# What the task asks
Locate every line in the records below that holds the word "rule" and return each one.

(Beginning of The data)

lemma integral_norm_mult_le_weighted:
  fixes u v :: "'a \<Rightarrow> complex"
  assumes "c > 0" and [measurable]: "u \<in> borel_measurable N" "v \<in> borel_measurable N"
    and u2: "integrable N (\<lambda>y. (norm (u y))\<^sup>2)" and v2: "integrable N (\<lambda>y. (norm (v y))\<^sup>2)"
  shows "(\<integral>y. norm (u y * v y) \<partial>N)
           \<le> (c * (\<integral>y. (norm (u y))\<^sup>2 \<partial>N) + (\<integral>y. (norm (v y))\<^sup>2 \<partial>N) / c) / 2"
proof -
  have "(\<integral>y. norm (u y * v y) \<partial>N) \<le> (\<integral>y. (c * (norm (u y))\<^sup>2 + (norm (v y))\<^sup>2 / c) / 2 \<partial>N)"
  proof (rule integral_mono)
    show "integrable N (\<lambda>y. norm (u y * v y))"
      using integrable_mult_square_integrable[OF assms(2-5)] by (rule integrable_norm)
    show "integrable N (\<lambda>y. (c * (norm (u y))\<^sup>2 + (norm (v y))\<^sup>2 / c) / 2)"
      using u2 v2 by simp
    fix y
    have "0 \<le> (c * norm (u y) - norm (v y))\<^sup>2 / c" using \<open>c > 0\<close> by simp
    then show "norm (u y * v y) \<le> (c * (norm (u y))\<^sup>2 + (norm (v y))\<^sup>2 / c) / 2"
      using \<open>c > 0\<close> by (simp add: norm_mult power2_eq_square field_simps)
  qed
  also have "\<dots> = (c * (\<integral>y. (norm (u y))\<^sup>2 \<partial>N) + (\<integral>y. (norm (v y))\<^sup>2 \<partial>N) / c) / 2"
    using u2 v2 by simp
  finally show ?thesis .
qed

lemma square_le_square_nn_integral_abs:
  fixes h :: "'a \<Rightarrow> real"
  shows "ennreal ((integral\<^sup>L N h)\<^sup>2) \<le> (\<integral>\<^sup>+t. ennreal \<bar>h t\<bar> \<partial>N)\<^sup>2"
proof (cases "integrable N h")
  case True
  have "ennreal ((integral\<^sup>L N h)\<^sup>2) = (ennreal \<bar>integral\<^sup>L N h\<bar>)\<^sup>2"
    by (simp add: ennreal_power)
  also have "\<dots> \<le> (\<integral>\<^sup>+t. ennreal \<bar>h t\<bar> \<partial>N)\<^sup>2"
    using integral_norm_bound_ennreal[OF True] by (intro power_mono) simp_all
  finally show ?thesis .
qed (simp add: not_integrable_integral_eq)

lemma nn_integral_weighted_Cauchy_Schwarz:
  fixes \<phi> w x :: "'a \<Rightarrow> real"
  assumes [measurable]: "\<phi> \<in> borel_measurable N" "w \<in> borel_measurable N" "x \<in> borel_measurable N"
    and w_pos: "\<And>t. w t > 0"
  shows "(\<integral>\<^sup>+t. ennreal (\<bar>\<phi> t\<bar> * \<bar>x t\<bar>) \<partial>N)\<^sup>2
           \<le> (\<integral>\<^sup>+t. ennreal (\<bar>\<phi> t\<bar> * w t) \<partial>N) * (\<integral>\<^sup>+t. ennreal (\<bar>\<phi> t\<bar> / w t * (x t)\<^sup>2) \<partial>N)"
proof -
  let ?F = "\<lambda>t. ennreal (sqrt (\<bar>\<phi> t\<bar> * w t))"
  let ?G = "\<lambda>t. ennreal (sqrt (\<bar>\<phi> t\<bar> / w t) * \<bar>x t\<bar>)"
  have "?F t * ?G t = ennreal (\<bar>\<phi> t\<bar> * \<bar>x t\<bar>)" for t
  proof -
    have "sqrt (\<bar>\<phi> t\<bar> * w t) * sqrt (\<bar>\<phi> t\<bar> / w t) = \<bar>\<phi> t\<bar>"
      using w_pos[of t] by (simp add: real_sqrt_mult[symmetric])
    then show ?thesis
      using w_pos[of t] by (simp add: ennreal_mult[symmetric] mult.assoc[symmetric])
  qed
  moreover have "?F t ^ 2 = ennreal (\<bar>\<phi> t\<bar> * w t)" for t
    using w_pos[of t] by (simp add: ennreal_power)
  moreover have "?G t ^ 2 = ennreal (\<bar>\<phi> t\<bar> / w t * (x t)\<^sup>2)" for t
    using w_pos[of t] by (simp add: ennreal_power power_mult_distrib)
  ultimately show ?thesis
    using Cauchy_Schwarz_nn_integral[of ?F N ?G] by simp
qed

section \<open>Fubini for a weighted kernel against square-integrable functions\<close>

lemma integrable_weighted_product:
  fixes G :: "real \<Rightarrow> 'a \<Rightarrow> complex" and U :: "'a \<Rightarrow> complex" and \<phi> w :: "real \<Rightarrow> real"
  assumes "sigma_finite_measure N"
    and G_meas[measurable]: "(\<lambda>(t, y). G t y) \<in> borel_measurable (lborel \<Otimes>\<^sub>M N)"
    and [measurable]: "U \<in> borel_measurable N" "\<phi> \<in> borel_measurable borel" "w \<in> borel_measurable borel"
    and w_pos: "\<And>t. w t > 0"
    and \<phi>_w: "integrable lborel (\<lambda>t. \<bar>\<phi> t\<bar> * w t)"
    and G2: "\<And>t. integrable N (\<lambda>y. (norm (G t y))\<^sup>2)"
    and G2_le: "\<And>t. (\<integral>y. (norm (G t y))\<^sup>2 \<partial>N) \<le> K * (w t)\<^sup>2"
    and U2: "integrable N (\<lambda>y. (norm (U y))\<^sup>2)"
  shows "integrable (lborel \<Otimes>\<^sub>M N) (\<lambda>(t, y). complex_of_real (\<phi> t) * G t y * U y)"
proof -
  interpret N: sigma_finite_measure N by fact
  interpret pair_sigma_finite lborel N
    by (intro pair_sigma_finite.intro sigma_finite_lborel N.sigma_finite_measure_axioms)
  have [measurable]: "G t \<in> borel_measurable N" for t
    using measurable_Pair2[OF G_meas] by simp
  define E where "E = (\<integral>y. (norm (U y))\<^sup>2 \<partial>N)"
  have section_le: "(\<integral>y. norm (G t y * U y) \<partial>N) \<le> w t * ((\<bar>K\<bar> + E) / 2)" for t
  proof -
    have "(\<integral>y. norm (G t y * U y) \<partial>N) \<le> (1 / w t * (\<integral>y. (norm (G t y))\<^sup>2 \<partial>N) + E / (1 / w t)) / 2"
      unfolding E_def using w_pos[of t] by (intro integral_norm_mult_le_weighted G2 U2) simp_all
    also have "\<dots> \<le> (1 / w t * (K * (w t)\<^sup>2) + E * w t) / 2"
      using G2_le[of t] w_pos[of t] by (simp add: divide_right_mono)
    also have "\<dots> \<le> w t * ((\<bar>K\<bar> + E) / 2)"
      using w_pos[of t] by (simp add: power2_eq_square field_simps)
    finally show ?thesis .
  qed
  show ?thesis
  proof (rule Fubini_integrable)
    show "AE t in lborel. integrable N (\<lambda>y. case (t, y) of (t, y) \<Rightarrow> complex_of_real (\<phi> t) * G t y * U y)"
      using integrable_mult_square_integrable[OF _ _ G2 U2] by (simp add: mult.assoc)
    show "integrable lborel (\<lambda>t. \<integral>y. norm (case (t, y) of (t, y) \<Rightarrow> complex_of_real (\<phi> t) * G t y * U y) \<partial>N)"
    proof (rule Bochner_Integration.integrable_bound)
      show "integrable lborel (\<lambda>t. \<bar>\<phi> t\<bar> * w t * ((\<bar>K\<bar> + E) / 2))"
        using \<phi>_w by simp
      show "AE t in lborel. norm (\<integral>y. norm (case (t, y) of (t, y) \<Rightarrow> complex_of_real (\<phi> t) * G t y * U y) \<partial>N)
              \<le> norm (\<bar>\<phi> t\<bar> * w t * ((\<bar>K\<bar> + E) / 2))"
      proof (rule AE_I2)
        fix t
        have "0 \<le> E" unfolding E_def by simp
        then show "norm (\<integral>y. norm (case (t, y) of (t, y) \<Rightarrow> complex_of_real (\<phi> t) * G t y * U y) \<partial>N)
              \<le> norm (\<bar>\<phi> t\<bar> * w t * ((\<bar>K\<bar> + E) / 2))"
          using mult_left_mono[OF section_le, of "\<bar>\<phi> t\<bar>" t] w_pos[of t]
          by (simp add: norm_mult mult.assoc abs_mult)
      qed
    qed (rule N.borel_measurable_lebesgue_integral, simp)
  qed measurable
qed

lemma integral_weighted_product_swap:
  fixes G :: "real \<Rightarrow> 'a \<Rightarrow> complex" and U :: "'a \<Rightarrow> complex" and \<phi> w :: "real \<Rightarrow> real"
  assumes "sigma_finite_measure N"
    and "(\<lambda>(t, y). G t y) \<in> borel_measurable (lborel \<Otimes>\<^sub>M N)"
    and "U \<in> borel_measurable N" "\<phi> \<in> borel_measurable borel" "w \<in> borel_measurable borel"
    and "\<And>t. w t > 0"
    and "integrable lborel (\<lambda>t. \<bar>\<phi> t\<bar> * w t)"
    and "\<And>t. integrable N (\<lambda>y. (norm (G t y))\<^sup>2)"
    and "\<And>t. (\<integral>y. (norm (G t y))\<^sup>2 \<partial>N) \<le> K * (w t)\<^sup>2"
    and "integrable N (\<lambda>y. (norm (U y))\<^sup>2)"
  shows "(\<integral>y. (\<integral>t. complex_of_real (\<phi> t) * G t y \<partial>lborel) * U y \<partial>N)
           = (\<integral>t. complex_of_real (\<phi> t) * (\<integral>y. G t y * U y \<partial>N) \<partial>lborel)"
proof -
  interpret N: sigma_finite_measure N by fact
  interpret pair_sigma_finite lborel N
    by (intro pair_sigma_finite.intro sigma_finite_lborel N.sigma_finite_measure_axioms)
  have "(\<integral>y. (\<integral>t. complex_of_real (\<phi> t) * G t y * U y \<partial>lborel) \<partial>N)
          = (\<integral>t. (\<integral>y. complex_of_real (\<phi> t) * G t y * U y \<partial>N) \<partial>lborel)"
    by (rule Fubini_integral[OF integrable_weighted_product[OF assms]])
  then show ?thesis
    by (simp add: mult.assoc flip: integral_mult_left_zero)
qed

lemma integrable_square_weighted_integral:
  fixes G :: "real \<Rightarrow> 'a \<Rightarrow> real" and \<phi> w :: "real \<Rightarrow> real"
  assumes "sigma_finite_measure N"
    and [measurable]: "(\<lambda>(t, y). G t y) \<in> borel_measurable (lborel \<Otimes>\<^sub>M N)"
      "\<phi> \<in> borel_measurable borel" "w \<in> borel_measurable borel"
    and w_pos: "\<And>t. w t > 0"
    and \<phi>_w: "integrable lborel (\<lambda>t. \<bar>\<phi> t\<bar> * w t)"
    and G2: "\<And>t. integrable N (\<lambda>y. (G t y)\<^sup>2)"
    and G2_le: "\<And>t. (\<integral>y. (G t y)\<^sup>2 \<partial>N) \<le> K * (w t)\<^sup>2"
  shows "integrable N (\<lambda>y. (\<integral>t. \<phi> t * G t y \<partial>lborel)\<^sup>2)"
proof (rule integrableI_bounded)
  interpret N: sigma_finite_measure N by fact
  interpret pair_sigma_finite lborel N
    by (intro pair_sigma_finite.intro sigma_finite_lborel N.sigma_finite_measure_axioms)
  define A where "A = (\<integral>t. \<bar>\<phi> t\<bar> * w t \<partial>lborel)"
  define T where "T y = (\<integral>\<^sup>+t. ennreal (\<bar>\<phi> t\<bar> / w t * (G t y)\<^sup>2) \<partial>lborel)" for y
  have A_nn: "(\<integral>\<^sup>+t. ennreal (\<bar>\<phi> t\<bar> * w t) \<partial>lborel) = ennreal A"
    unfolding A_def using w_pos by (intro nn_integral_eq_integral \<phi>_w AE_I2) (simp add: less_imp_le)
  have pointwise: "ennreal ((\<integral>t. \<phi> t * G t y \<partial>lborel)\<^sup>2) \<le> ennreal A * T y" if "y \<in> space N" for y
  proof -
    have [measurable]: "(\<lambda>t. G t y) \<in> borel_measurable borel"
      using measurable_Pair1[OF \<open>(\<lambda>(t, y). G t y) \<in> _\<close> that] by simp
    have "ennreal ((\<integral>t. \<phi> t * G t y \<partial>lborel)\<^sup>2) \<le> (\<integral>\<^sup>+t. ennreal (\<bar>\<phi> t\<bar> * \<bar>G t y\<bar>) \<partial>lborel)\<^sup>2"
      using square_le_square_nn_integral_abs[of lborel "\<lambda>t. \<phi> t * G t y"] by (simp add: abs_mult)
    also have "\<dots> \<le> ennreal A * T y"
      unfolding T_def A_nn[symmetric]
      by (rule nn_integral_weighted_Cauchy_Schwarz) (simp_all add: w_pos)
    finally show ?thesis .
  qed
  have "(\<integral>\<^sup>+y. T y \<partial>N) = (\<integral>\<^sup>+t. (\<integral>\<^sup>+y. ennreal (\<bar>\<phi> t\<bar> / w t * (G t y)\<^sup>2) \<partial>N) \<partial>lborel)"
    unfolding T_def by (rule Fubini') measurable
  also have "\<dots> \<le> (\<integral>\<^sup>+t. ennreal (\<bar>\<phi> t\<bar> * w t * \<bar>K\<bar>) \<partial>lborel)"
  proof (rule nn_integral_mono)
    fix t
    have "(\<integral>\<^sup>+y. ennreal (\<bar>\<phi> t\<bar> / w t * (G t y)\<^sup>2) \<partial>N) = ennreal (\<bar>\<phi> t\<bar> / w t * (\<integral>y. (G t y)\<^sup>2 \<partial>N))"
      using w_pos[of t] G2[of t] by (subst nn_integral_eq_integral) (simp_all add: less_imp_le)
    also have "\<dots> \<le> ennreal (\<bar>\<phi> t\<bar> / w t * (\<bar>K\<bar> * (w t)\<^sup>2))"
      using G2_le[of t] w_pos[of t]
      by (intro ennreal_leI mult_left_mono order_trans[OF G2_le[of t]] mult_right_mono) simp_all
    also have "\<dots> = ennreal (\<bar>\<phi> t\<bar> * w t * \<bar>K\<bar>)"
      using w_pos[of t] by (simp add: power2_eq_square)
    finally show "(\<integral>\<^sup>+y. ennreal (\<bar>\<phi> t\<bar> / w t * (G t y)\<^sup>2) \<partial>N) \<le> ennreal (\<bar>\<phi> t\<bar> * w t * \<bar>K\<bar>)" .
  qed
  also have "\<dots> = ennreal (A * \<bar>K\<bar>)"
    unfolding A_def using w_pos \<phi>_w
    by (subst nn_integral_eq_integral) (simp_all add: less_imp_le)
  finally have T_le: "(\<integral>\<^sup>+y. T y \<partial>N) \<le> ennreal (A * \<bar>K\<bar>)" .
  have [measurable]: "T \<in> borel_measurable N"
    unfolding T_def by measurable
  have "(\<integral>\<^sup>+y. ennreal (norm ((\<integral>t. \<phi> t * G t y \<partial>lborel)\<^sup>2)) \<partial>N) \<le> (\<integral>\<^sup>+y. ennreal A * T y \<partial>N)"
    using pointwise by (intro nn_integral_mono) simp
  also have "\<dots> = ennreal A * (\<integral>\<^sup>+y. T y \<partial>N)"
    by (rule nn_integral_cmult) measurable
  also have "\<dots> < \<infinity>"
    using T_le by (simp add: ennreal_mult_less_top order.strict_trans1)
  finally show "(\<integral>\<^sup>+y. ennreal (norm ((\<integral>t. \<phi> t * G t y \<partial>lborel)\<^sup>2)) \<partial>N) < \<infinity>" .
qed measurable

(End of The data)

# Task answer
  proof (rule integral_mono)
      using integrable_mult_square_integrable[OF assms(2-5)] by (rule integrable_norm)
  proof (rule Fubini_integrable)
    proof (rule Bochner_Integration.integrable_bound)
      proof (rule AE_I2)
    qed (rule N.borel_measurable_lebesgue_integral, simp)
    by (rule Fubini_integral[OF integrable_weighted_product[OF assms]])
proof (rule integrableI_bounded)
      by (rule nn_integral_weighted_Cauchy_Schwarz) (simp_all add: w_pos)
    unfolding T_def by (rule Fubini') measurable
  proof (rule nn_integral_mono)
    by (rule nn_integral_cmult) measurable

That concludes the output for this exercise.